(Saved entries)
──────────────────────────────
(* Let $\nu,k$ be integers with $2\nu-1\ge k\ge\nu-1\ge1$. Then $N(2\nu,k)=2$ if $k\equiv2\nu+1\pmod3$, and $N(2\nu,k)=0$ otherwise.
   Context: For $n>k\ge1$, $N(n,k)$ is the nullity of the $n\times n$ skew-symmetric Toeplitz matrix $A(n,k)$ whose first $k$ superdiagonals have all entries $1$ and whose remaining superdiagonals have all entries $0$. *)

theory Defs
  imports "Jordan_Normal_Form.Matrix_Kernel"
begin

definition skewA :: "nat \<Rightarrow> nat \<Rightarrow> real mat" where
  "skewA n k = mat n n (\<lambda>(i,j).
      if i < j \<and> j - i \<le> k then 1
      else if j < i \<and> i - j \<le> k then -1
      else 0)"

definition nullityN :: "nat \<Rightarrow> nat \<Rightarrow> nat" where
  "nullityN n k = kernel_dim (skewA n k)"

end

theory Submission
  imports Defs
begin

(* Write S j for the j-th prefix sum of x. Row i of A(n,k) x = 0 says
   S (min (i+k+1) n) + S (i-k) = S i + S (i+1).  For n even and k < n <= 2k+2 put
   gap = n-k-1.  These relations force S to run through the 3-periodic pattern
   0, s, t-s (s = S 1, t = S n) on [0, gap], to alternate between two values on
   [gap, k+1], and to satisfy S (i+k+1) = S i + S (i+1) beyond, so S is determined
   by (s, t).  The first and last rows add the constraints S gap = s and
   S (gap-1) = 0, which hold for all s, t when gap = 1 (mod 3) and force s = t = 0
   otherwise.  Hence the nullity is 2 or 0; for n = 2 nu, gap = 1 (mod 3) exactly
   when k = 2 nu + 1 (mod 3). *)

lemma kernel_dim_eq_0:
  fixes A :: "'a :: field mat"
  assumes A: "A \<in> carrier_mat nr nc" and trivial: "mat_kernel A \<subseteq> {0\<^sub>v nc}"
  shows "kernel_dim A = 0"
proof -
  interpret K: kernel nr nc A by unfold_locales (rule A)
  have "K.span {0\<^sub>v nc} = mat_kernel A"
    using K.Ker.span_is_subset2[of "{0\<^sub>v nc}"] K.Ker.span_zero trivial by auto
  then show ?thesis using K.Ker.dim0I by simp
qed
──────────────────────────────
* _Your task_: Scan the lines above for the word "using". Return each one that has it.

* _Task response_:
    using K.Ker.span_is_subset2[of "{0\<^sub>v nc}"] K.Ker.span_zero trivial by auto
  then show ?thesis using K.Ker.dim0I by simp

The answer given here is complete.